Marty Supreme est le nouveau film phénomène d'Hollywood, plus gros budget de A24, le fameux studio qui valide des projets plus risqués que d'autres et attire les acteurs, mais aussi se trouve surcoté ici et favori pour les Oscars et n'est pas le chef d'oeuvre dit partout.

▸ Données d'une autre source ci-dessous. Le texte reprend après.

text \<open>Vector fields along the curve c are represented in a parallel orthonormal frame
along c: a vector field along c is a map [0,1] -> E (E a Euclidean space modelling the
tangent space), the covariant derivative along c becomes the ordinary derivative, and
the Riemannian inner product becomes the inner product of E.  The curve c enters only
through its velocity field c', represented by u.\<close>

definition I01 :: "real set" where "I01 = {0..1}"

definition nablat :: "(real \<Rightarrow> 'a::real_normed_vector) \<Rightarrow> real \<Rightarrow> 'a" where
  "nablat w t = vector_derivative w (at t within I01)"

definition smooth01 :: "(real \<Rightarrow> 'a::real_normed_vector) \<Rightarrow> bool" where
  "smooth01 f \<longleftrightarrow> (\<exists>D :: nat \<Rightarrow> real \<Rightarrow> 'a. (\<forall>t\<in>I01. D 0 t = f t) \<and>
      (\<forall>k. \<forall>t\<in>I01. (D k has_vector_derivative D (Suc k) t) (at t within I01)))"

definition immersion :: "(real \<Rightarrow> 'a::euclidean_space) \<Rightarrow> bool" where
  "immersion u \<longleftrightarrow> smooth01 u \<and> (\<forall>t\<in>I01. u t \<noteq> 0)"

definition unitv :: "(real \<Rightarrow> 'a::euclidean_space) \<Rightarrow> real \<Rightarrow> 'a" where
  "unitv u t = (1 / norm (u t)) *\<^sub>R u t"

definition tpart :: "(real \<Rightarrow> 'a::euclidean_space) \<Rightarrow> real \<Rightarrow> 'a \<Rightarrow> 'a" where
  "tpart u t x = (x \<bullet> unitv u t) *\<^sub>R unitv u t"

definition npart :: "(real \<Rightarrow> 'a::euclidean_space) \<Rightarrow> real \<Rightarrow> 'a \<Rightarrow> 'a" where
  "npart u t x = x - tpart u t x"

definition nablal :: "(real \<Rightarrow> 'a::euclidean_space) \<Rightarrow> (real \<Rightarrow> 'a) \<Rightarrow> real \<Rightarrow> 'a" where
  "nablal u w t = (1 / norm (u t)) *\<^sub>R nablat w t"

definition Gq :: "real \<Rightarrow> real \<Rightarrow> (real \<Rightarrow> 'a::euclidean_space) \<Rightarrow> (real \<Rightarrow> 'a) \<Rightarrow> real" where
  "Gq a b u w = (norm (w 0))\<^sup>2 +
     integral I01 (\<lambda>t. (a\<^sup>2 * (norm (npart u t (nablal u w t)))\<^sup>2
                       + b\<^sup>2 * (norm (tpart u t (nablal u w t)))\<^sup>2) * norm (u t))"

definition Gbil :: "real \<Rightarrow> real \<Rightarrow> (real \<Rightarrow> 'a::euclidean_space) \<Rightarrow> (real \<Rightarrow> 'a) \<Rightarrow> (real \<Rightarrow> 'a) \<Rightarrow> real" where
  "Gbil a b u w1 w2 = (Gq a b u (\<lambda>t. w1 t + w2 t) - Gq a b u (\<lambda>t. w1 t - w2 t)) / 4"

definition Cfun :: "(real \<Rightarrow> real) set" where
  "Cfun = {m. smooth01 m \<and> m 0 = 0 \<and> m 1 = 0}"

definition horizontal :: "real \<Rightarrow> real \<Rightarrow> (real \<Rightarrow> 'a::euclidean_space) \<Rightarrow> (real \<Rightarrow> 'a) \<Rightarrow> bool" where
  "horizontal a b u h \<longleftrightarrow> (\<forall>m\<in>Cfun. Gbil a b u h (\<lambda>t. m t *\<^sub>R unitv u t) = 0)"

end

theory Submission
  imports Defs
begin

text \<open>Pairing h with a vertical vector m v and integrating the tangential term by parts gives
  G(h, m v) = \<integral> m F dt with F = a^2 \<langle>h', v'\<rangle>/|c'| - b^2 (\<langle>h', v\<rangle>/|c'|)': since
  \<langle>v, v'\<rangle> = 0, the arc-length derivative of m v splits into the tangential part m' v/|c'| and the
  normal part m v'/|c'|, and the boundary term vanishes because m(0) = m(1) = 0. By the
  fundamental lemma of the calculus of variations h is horizontal iff F = 0, and expanding the
  derivative shows F = b^2/|c'| times the expression of the theorem. The equation for m follows
  by substituting h = w - m v and using |v| = 1, \<langle>v, v'\<rangle> = 0 and \<langle>v, v''\<rangle> = -|v'|^2.\<close>

section \<open>Derivatives on [0,1]\<close>

lemma trivial_limit_at_I01: "t \<in> I01 \<Longrightarrow> at t within I01 \<noteq> bot"
  unfolding I01_def using trivial_limit_within[of t "{0..1::real}"] by simp

lemma nablat_eqI:
  "(f has_vector_derivative f') (at t within I01) \<Longrightarrow> t \<in> I01 \<Longrightarrow> nablat f t = f'"
  unfolding nablat_def by (rule vector_derivative_within[OF trivial_limit_at_I01])

lemma nablat_cong:
  assumes "t \<in> I01" and "\<And>s. s \<in> I01 \<Longrightarrow> f s = g s"
  shows "nablat f t = nablat g t"
  unfolding nablat_def by (rule vector_derivative_cong_eq) (auto simp: assms)

definition differentiable01 :: "(real \<Rightarrow> 'a::real_normed_vector) \<Rightarrow> bool" where
  "differentiable01 f \<longleftrightarrow> (\<forall>t\<in>I01. (f has_vector_derivative nablat f t) (at t within I01))"

fun times_differentiable01 :: "nat \<Rightarrow> (real \<Rightarrow> 'a::real_normed_vector) \<Rightarrow> bool" where
  "times_differentiable01 0 f = True"
| "times_differentiable01 (Suc k) f \<longleftrightarrow> differentiable01 f \<and> times_differentiable01 k (nablat f)"

lemma differentiable01_cong:
  assumes "differentiable01 f" and "\<And>s. s \<in> I01 \<Longrightarrow> f s = g s"
  shows "differentiable01 g"
  using assms has_vector_derivative_transform nablat_cong unfolding differentiable01_def by metis

lemma times_differentiable01_cong:
  "times_differentiable01 k f \<Longrightarrow> (\<And>s. s \<in> I01 \<Longrightarrow> f s = g s) \<Longrightarrow> times_differentiable01 k g"
proof (induction k arbitrary: f g)
  case (Suc k)
  then show ?case using differentiable01_cong[of f g] nablat_cong[of _ f g] by auto
qed simp

lemma times_differentiable01_SucD:
  "times_differentiable01 (Suc k) f \<Longrightarrow> times_differentiable01 k f"
  by (induction k arbitrary: f) auto

lemma times_differentiable01_SucI:
  assumes "\<And>t. t \<in> I01 \<Longrightarrow> (f has_vector_derivative f' t) (at t within I01)"
    and "times_differentiable01 k f'"
  shows "times_differentiable01 (Suc k) f"
proof -
  have "nablat f t = f' t" if "t \<in> I01" for t
    using assms(1)[OF that] that by (rule nablat_eqI)
  then show ?thesis
    using assms times_differentiable01_cong[of k f' "nablat f"] by (auto simp: differentiable01_def)
qed

lemma differentiable01_continuous_on: "differentiable01 f \<Longrightarrow> continuous_on I01 f"
  by (auto simp: differentiable01_def intro!: continuous_on_vector_derivative)

lemma times_differentiable01_const: "times_differentiable01 k (\<lambda>t. c)"
proof (induction k arbitrary: c)
  case (Suc k)
  then show ?case
    by (intro times_differentiable01_SucI[where f'="\<lambda>t. 0"]) (auto intro: derivative_eq_intros)
qed simp

lemma times_differentiable01_ident: "times_differentiable01 k (\<lambda>t. t)"
proof (cases k)
  case (Suc j)
  show ?thesis unfolding Suc
    by (intro times_differentiable01_SucI[where f'="\<lambda>t. 1"] times_differentiable01_const)
      (auto intro!: derivative_eq_intros)
qed simp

Ici, on a rien contre Timothée Chalamet, apprécié ses derniers films et prestations, mais il faut avouer que ce Marty Supreme est un festival non stop de l'acteur. On le voit dans presque chaque scène, campant un personnage antipathique, narcissique, gouailleur, n'hésitant pas à manipuler tout le monde pour arriver à ses fins etc. C'est totalement épuisant à la longue et on frôle l'indigestion, malgré l'implication indéniable du comédien, producteur aussi du projet, c'est le premier point faible du métrage.
Par la suite, le scénario multiplie les rebondissements les plus "abracadabrantesques", farfelus au possible, frisant l'hystérie collective (avec le chien) et devient vite également fatigant et assommant. De ce fait, au casting on retrouve Abel Ferrara, oui le réalisateur culte, un peu surcoté des années 80 dans la peau d'un gangster complètement déjanté, on ne vous dit que ça.
Heureusement, quelques bonnes idées au milieu de tout ça. Une reconstitution de l'époque assez spectaculaire, on voit où est passé l'argent, quelques références où l'ombre de la Seconde Guerre Mondiale n'est pas loin et une bonne réalisation de Josh Safdie qui, avec son frère fait parti des réalisateurs qui montent. Les matches de ping-pong valent le déplacement (notamment le final à Tokyo avec le japonais), même si on soupçonne des balles numériques. Gwyneth Paltrow compose un personnage assez émouvant et touchant, malgré quelques scènes explicites. La fin n'est pas non plus celle qu'on pense et c'est quelque part tant mieux.
Mais, long, épuisant, avec un Timothée Chalamet non stop (si il n'a pas l'Oscar, c'est que l'académie sont des nuls), Marty Supreme n'est pas le chef d'oeuvre attendu, il faut vérifier si vous êtes vraiment fan de l'acteur, malgré les qualités du métrage, à vous de voir.